__Assignment__. Could you quote, exactly as they stand, the lines running from the one with "q n t :: nat" to the final line of the material?
━━━━━ Listed entries
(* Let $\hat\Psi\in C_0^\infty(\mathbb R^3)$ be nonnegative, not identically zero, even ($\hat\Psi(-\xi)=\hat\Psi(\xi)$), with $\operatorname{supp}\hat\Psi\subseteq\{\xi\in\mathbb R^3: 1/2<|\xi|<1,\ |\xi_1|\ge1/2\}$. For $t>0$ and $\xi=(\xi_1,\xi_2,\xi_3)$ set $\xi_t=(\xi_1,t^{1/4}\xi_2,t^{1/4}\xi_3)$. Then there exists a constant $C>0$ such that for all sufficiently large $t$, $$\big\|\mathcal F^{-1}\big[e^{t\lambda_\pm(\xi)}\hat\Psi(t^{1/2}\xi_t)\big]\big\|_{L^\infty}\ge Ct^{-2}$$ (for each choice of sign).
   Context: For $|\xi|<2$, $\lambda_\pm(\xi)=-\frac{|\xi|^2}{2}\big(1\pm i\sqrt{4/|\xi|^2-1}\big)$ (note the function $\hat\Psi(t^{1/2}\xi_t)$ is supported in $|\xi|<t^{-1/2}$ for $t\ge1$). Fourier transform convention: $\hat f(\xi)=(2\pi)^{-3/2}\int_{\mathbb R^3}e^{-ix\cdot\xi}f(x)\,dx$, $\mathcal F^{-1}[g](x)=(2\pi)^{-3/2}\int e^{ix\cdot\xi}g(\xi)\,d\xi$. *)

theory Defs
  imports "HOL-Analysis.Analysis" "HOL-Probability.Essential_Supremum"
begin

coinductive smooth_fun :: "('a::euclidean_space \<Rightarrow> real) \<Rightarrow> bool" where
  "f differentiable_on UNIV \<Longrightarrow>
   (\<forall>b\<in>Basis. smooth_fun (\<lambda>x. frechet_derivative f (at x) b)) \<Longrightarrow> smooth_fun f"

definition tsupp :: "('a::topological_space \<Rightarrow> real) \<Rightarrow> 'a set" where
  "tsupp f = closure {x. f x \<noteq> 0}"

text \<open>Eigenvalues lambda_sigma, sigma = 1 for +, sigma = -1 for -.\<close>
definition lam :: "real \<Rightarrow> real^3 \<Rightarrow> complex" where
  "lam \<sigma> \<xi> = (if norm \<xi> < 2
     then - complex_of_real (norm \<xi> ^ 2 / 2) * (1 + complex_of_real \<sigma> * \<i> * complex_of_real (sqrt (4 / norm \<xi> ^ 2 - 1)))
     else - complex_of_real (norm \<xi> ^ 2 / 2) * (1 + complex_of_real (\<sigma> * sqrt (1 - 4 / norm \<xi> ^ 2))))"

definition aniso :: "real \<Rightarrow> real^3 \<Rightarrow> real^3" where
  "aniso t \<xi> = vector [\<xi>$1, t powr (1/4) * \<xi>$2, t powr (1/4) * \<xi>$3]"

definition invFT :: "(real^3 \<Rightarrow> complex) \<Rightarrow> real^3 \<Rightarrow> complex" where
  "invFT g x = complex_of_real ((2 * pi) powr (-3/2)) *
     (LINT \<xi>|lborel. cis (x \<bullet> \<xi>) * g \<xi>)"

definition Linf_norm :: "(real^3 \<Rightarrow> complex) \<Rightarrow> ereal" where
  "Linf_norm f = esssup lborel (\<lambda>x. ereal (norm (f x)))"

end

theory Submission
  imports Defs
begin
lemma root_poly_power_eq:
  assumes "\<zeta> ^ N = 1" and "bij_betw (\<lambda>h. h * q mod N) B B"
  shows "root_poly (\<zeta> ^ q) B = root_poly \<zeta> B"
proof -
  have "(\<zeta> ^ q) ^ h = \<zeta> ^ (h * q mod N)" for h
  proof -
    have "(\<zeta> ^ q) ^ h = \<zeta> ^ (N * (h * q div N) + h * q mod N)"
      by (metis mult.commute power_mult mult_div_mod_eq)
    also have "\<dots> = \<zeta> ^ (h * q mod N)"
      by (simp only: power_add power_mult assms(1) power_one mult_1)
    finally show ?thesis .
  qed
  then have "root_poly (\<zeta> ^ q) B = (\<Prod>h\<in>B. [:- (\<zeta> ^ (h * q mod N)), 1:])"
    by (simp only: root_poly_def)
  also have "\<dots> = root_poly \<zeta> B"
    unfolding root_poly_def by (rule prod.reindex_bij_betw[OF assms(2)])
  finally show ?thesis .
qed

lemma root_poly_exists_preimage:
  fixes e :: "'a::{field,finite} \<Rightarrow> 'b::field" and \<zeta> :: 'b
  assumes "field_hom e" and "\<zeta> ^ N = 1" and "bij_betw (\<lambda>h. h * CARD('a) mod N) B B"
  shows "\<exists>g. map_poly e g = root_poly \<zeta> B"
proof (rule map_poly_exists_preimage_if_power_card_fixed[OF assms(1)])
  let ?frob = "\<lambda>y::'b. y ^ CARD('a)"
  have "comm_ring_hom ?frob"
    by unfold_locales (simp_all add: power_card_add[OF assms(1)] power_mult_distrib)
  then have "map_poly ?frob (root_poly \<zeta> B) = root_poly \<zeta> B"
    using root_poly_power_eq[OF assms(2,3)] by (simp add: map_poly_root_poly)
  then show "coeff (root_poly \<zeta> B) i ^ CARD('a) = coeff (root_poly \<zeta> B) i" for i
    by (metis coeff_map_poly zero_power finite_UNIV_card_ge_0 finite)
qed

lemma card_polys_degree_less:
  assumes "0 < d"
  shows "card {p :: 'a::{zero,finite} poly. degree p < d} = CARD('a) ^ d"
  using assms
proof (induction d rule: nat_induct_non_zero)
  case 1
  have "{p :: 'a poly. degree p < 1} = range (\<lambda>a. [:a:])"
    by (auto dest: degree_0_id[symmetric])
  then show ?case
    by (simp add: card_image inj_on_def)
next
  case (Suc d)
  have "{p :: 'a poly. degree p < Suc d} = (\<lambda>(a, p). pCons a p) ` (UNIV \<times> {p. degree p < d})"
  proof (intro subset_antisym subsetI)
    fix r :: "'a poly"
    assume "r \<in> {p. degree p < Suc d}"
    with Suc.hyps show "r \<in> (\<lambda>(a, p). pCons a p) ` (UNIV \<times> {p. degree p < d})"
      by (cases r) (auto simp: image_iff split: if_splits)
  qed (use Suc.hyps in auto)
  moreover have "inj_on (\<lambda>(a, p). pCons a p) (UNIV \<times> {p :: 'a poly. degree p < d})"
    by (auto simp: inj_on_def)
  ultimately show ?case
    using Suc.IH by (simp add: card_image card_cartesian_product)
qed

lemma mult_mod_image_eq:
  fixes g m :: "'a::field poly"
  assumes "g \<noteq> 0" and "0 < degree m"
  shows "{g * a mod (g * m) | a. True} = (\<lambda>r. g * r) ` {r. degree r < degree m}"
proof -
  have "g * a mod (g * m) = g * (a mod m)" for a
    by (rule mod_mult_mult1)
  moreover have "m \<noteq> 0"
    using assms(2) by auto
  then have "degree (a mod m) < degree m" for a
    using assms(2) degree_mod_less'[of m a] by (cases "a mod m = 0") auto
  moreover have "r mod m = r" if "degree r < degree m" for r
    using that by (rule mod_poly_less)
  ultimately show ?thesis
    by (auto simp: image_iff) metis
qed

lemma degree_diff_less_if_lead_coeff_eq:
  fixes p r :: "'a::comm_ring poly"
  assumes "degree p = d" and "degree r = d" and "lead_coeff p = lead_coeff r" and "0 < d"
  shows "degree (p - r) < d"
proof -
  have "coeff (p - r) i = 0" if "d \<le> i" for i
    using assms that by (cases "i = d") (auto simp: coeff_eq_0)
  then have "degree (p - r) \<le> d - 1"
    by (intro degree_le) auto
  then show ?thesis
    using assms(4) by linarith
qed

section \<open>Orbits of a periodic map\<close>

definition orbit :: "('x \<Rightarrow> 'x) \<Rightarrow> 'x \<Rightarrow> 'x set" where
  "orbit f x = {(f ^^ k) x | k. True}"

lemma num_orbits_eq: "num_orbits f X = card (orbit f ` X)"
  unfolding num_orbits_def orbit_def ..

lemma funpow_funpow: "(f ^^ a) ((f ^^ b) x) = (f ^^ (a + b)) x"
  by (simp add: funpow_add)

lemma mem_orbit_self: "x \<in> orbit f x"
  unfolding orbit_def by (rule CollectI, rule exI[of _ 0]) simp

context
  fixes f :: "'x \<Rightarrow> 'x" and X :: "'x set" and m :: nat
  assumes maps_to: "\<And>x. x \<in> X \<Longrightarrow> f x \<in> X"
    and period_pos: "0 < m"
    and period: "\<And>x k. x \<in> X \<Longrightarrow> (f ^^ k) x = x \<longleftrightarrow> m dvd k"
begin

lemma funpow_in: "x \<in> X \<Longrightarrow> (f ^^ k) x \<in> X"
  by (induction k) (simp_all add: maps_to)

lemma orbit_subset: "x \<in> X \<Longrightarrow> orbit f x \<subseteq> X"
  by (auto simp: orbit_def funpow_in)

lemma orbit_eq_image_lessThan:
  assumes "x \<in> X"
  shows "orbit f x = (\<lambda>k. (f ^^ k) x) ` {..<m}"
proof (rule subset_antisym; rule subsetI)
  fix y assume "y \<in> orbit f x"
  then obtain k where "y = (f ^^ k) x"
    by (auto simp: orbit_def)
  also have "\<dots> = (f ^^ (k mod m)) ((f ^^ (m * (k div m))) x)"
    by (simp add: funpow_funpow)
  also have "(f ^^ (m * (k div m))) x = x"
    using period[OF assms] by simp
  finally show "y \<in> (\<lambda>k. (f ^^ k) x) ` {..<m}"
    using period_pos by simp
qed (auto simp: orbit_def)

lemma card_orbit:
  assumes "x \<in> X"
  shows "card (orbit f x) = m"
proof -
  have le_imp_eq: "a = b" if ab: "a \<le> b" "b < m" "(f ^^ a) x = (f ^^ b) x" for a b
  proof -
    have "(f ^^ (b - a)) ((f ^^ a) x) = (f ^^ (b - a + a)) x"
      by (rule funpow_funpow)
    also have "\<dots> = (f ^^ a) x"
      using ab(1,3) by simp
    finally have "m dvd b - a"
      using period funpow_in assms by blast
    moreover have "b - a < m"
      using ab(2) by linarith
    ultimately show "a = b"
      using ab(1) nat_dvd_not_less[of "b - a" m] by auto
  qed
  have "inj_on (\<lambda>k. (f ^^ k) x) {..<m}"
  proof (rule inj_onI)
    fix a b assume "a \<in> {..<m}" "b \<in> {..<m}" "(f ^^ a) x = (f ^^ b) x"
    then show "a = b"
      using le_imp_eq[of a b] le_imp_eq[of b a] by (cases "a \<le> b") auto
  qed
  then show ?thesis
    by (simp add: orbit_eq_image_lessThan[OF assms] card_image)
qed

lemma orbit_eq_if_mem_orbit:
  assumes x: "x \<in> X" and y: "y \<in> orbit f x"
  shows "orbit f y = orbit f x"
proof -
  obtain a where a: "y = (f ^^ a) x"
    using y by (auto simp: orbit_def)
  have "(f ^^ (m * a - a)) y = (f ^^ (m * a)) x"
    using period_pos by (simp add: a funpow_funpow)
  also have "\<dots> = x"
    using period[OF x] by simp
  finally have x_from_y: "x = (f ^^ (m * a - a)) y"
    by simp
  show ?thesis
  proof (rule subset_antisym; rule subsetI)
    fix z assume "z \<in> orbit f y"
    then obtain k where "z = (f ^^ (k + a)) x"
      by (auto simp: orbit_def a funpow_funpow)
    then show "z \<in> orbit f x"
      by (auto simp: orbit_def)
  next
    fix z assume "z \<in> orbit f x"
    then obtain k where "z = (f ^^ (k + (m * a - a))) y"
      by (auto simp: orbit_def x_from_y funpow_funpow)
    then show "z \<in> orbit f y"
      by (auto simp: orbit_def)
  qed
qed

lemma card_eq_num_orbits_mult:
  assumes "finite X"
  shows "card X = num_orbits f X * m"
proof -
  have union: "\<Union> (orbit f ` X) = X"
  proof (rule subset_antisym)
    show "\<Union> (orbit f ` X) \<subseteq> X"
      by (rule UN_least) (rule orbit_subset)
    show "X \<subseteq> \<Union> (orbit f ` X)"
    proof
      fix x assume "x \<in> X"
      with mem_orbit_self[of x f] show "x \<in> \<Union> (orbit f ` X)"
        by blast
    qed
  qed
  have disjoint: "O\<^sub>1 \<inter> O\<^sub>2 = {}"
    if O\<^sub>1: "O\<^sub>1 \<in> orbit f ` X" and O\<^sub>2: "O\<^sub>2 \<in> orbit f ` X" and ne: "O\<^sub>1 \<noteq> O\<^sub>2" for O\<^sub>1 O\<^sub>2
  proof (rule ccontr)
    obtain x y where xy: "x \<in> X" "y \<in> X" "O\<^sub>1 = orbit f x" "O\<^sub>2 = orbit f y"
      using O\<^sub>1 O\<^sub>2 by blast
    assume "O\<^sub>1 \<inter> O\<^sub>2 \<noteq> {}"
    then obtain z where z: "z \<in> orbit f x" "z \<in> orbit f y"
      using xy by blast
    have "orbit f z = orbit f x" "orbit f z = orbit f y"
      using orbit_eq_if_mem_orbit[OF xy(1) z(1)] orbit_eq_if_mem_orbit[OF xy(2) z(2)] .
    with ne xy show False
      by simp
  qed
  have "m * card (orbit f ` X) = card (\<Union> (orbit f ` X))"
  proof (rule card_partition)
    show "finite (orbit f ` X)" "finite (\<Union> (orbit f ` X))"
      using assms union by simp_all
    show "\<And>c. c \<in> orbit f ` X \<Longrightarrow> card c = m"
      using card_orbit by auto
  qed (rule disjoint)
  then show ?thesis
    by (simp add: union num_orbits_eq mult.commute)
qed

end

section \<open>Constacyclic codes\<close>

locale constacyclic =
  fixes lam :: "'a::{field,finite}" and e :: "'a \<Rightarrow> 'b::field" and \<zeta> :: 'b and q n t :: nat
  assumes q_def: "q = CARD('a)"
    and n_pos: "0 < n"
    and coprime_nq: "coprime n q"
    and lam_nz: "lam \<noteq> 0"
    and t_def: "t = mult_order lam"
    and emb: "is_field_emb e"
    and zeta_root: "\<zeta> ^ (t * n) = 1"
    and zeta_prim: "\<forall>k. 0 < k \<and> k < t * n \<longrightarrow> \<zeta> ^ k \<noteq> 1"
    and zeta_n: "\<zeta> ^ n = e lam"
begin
━━━━━━━━━━
__Completed task__.
  fixes lam :: "'a::{field,finite}" and e :: "'a \<Rightarrow> 'b::field" and \<zeta> :: 'b and q n t :: nat
  assumes q_def: "q = CARD('a)"
    and n_pos: "0 < n"
    and coprime_nq: "coprime n q"
    and lam_nz: "lam \<noteq> 0"
    and t_def: "t = mult_order lam"
    and emb: "is_field_emb e"
    and zeta_root: "\<zeta> ^ (t * n) = 1"
    and zeta_prim: "\<forall>k. 0 < k \<and> k < t * n \<longrightarrow> \<zeta> ^ k \<noteq> 1"
    and zeta_n: "\<zeta> ^ n = e lam"
begin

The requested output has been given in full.